Stakeholders Working Together 

As a result of the HEARTH act, officials sat around a table and started talking to each other, which sometimes is that simple. The meeting of stakeholders at the White House in 2012 was given a name titled The Way home. With more than 100 local and regional organizations signed on Houston started collecting real-time data as opposed to relying on once-a-year census information. While the beginning goal was to house 100 homeless veterans in 100 days, they exceeded this metric with 300 more veterans housed in the next 100 days. Organizations including Search and the Houston Housing Authority joined the mission working together to provide up to 250 vouchers per year to populations most in need. As a result, thousands of individuals were able to receive housing through the voucher system. Together these organizations helped get people housing at a faster pace than any previous year's attempt. 

Getting businesses on board with curbing homelessness has proven to be a challenge nationwide but Houston’s united front was able to channel private funding and emergency relief dollars from Hurricane Harvey to house displaced persons. Regarding COVID funding, the continuum was able to provide rental assistance to thousands who became homeless because of the pandemic. In just under a week in some cases individuals went from living under a highway in a tent to a ground floor one-bedroom apartment stocked with basic supplies. One of the main missions of Continuum of Care is to assess people based on a federal vulnerability index which utilizes a standard questionnaire to determine who on the streets is most vulnerable. The chronically homeless ranked highest on the vulnerability index become eligible for permanent supportive housing and receive assistance for rent, utilities, bus fares, and other necessities. Additional collaborations for curbing homelessness focused on holding weekly meetings between the Continuum of Care, local housing authorities, and county commissioners.  

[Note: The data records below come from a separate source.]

lemma boundary_bound_summable_x:
  assumes k: "k \<ge> 1"
  shows "(\<lambda>x. boundary_bound M D n x k) summable_on UNIV"
    and "0 \<le> M \<Longrightarrow> (\<Sum>\<^sub>\<infinity>x. boundary_bound M D n x k)
      \<le> (if k \<le> n then 5 * M * real k ^ 3 else 2 * real n * \<bar>D\<bar> * real k ^ 2)"
proof -
  define c where "c = (if k \<le> n then 5 / 2 * M * real k ^ 2 else real n * real k * \<bar>D\<bar>)"
  have eq: "boundary_bound M D n x k = (if x \<in> {0..int k} then c else 0)" for x
    by (simp add: boundary_bound_def c_def)
  show "(\<lambda>x. boundary_bound M D n x k) summable_on UNIV"
    unfolding eq by (rule finite_nonzero_values_imp_summable_on) (auto intro: finite_subset)
  assume M: "0 \<le> M"
  have "(\<Sum>\<^sub>\<infinity>x. boundary_bound M D n x k) = (\<Sum>\<^sub>\<infinity>x\<in>{0..int k}. c)"
    unfolding eq by (rule infsum_cong_neutral) auto
  also have "\<dots> = (real k + 1) * c"
    by (simp add: infsum_finite)
  also have "\<dots> \<le> (2 * real k) * c"
    using k M by (intro mult_right_mono) (auto simp: c_def)
  finally show "(\<Sum>\<^sub>\<infinity>x. boundary_bound M D n x k)
      \<le> (if k \<le> n then 5 * M * real k ^ 3 else 2 * real n * \<bar>D\<bar> * real k ^ 2)"
    by (cases "k \<le> n") (simp_all add: c_def power2_eq_square power3_eq_cube mult_ac)
qed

Destinations International has identified affordable housing as one of its strategic industry opportunities. The value-based approach involves destinations understanding what their local communities value and working with them to accomplish a common goal. With their collaborative approach to tackling one of the destination communities’ most pressing issues, Houston represents value-based action by aligning the values of its organization with the needs of the local community in striving for a more prosperous future.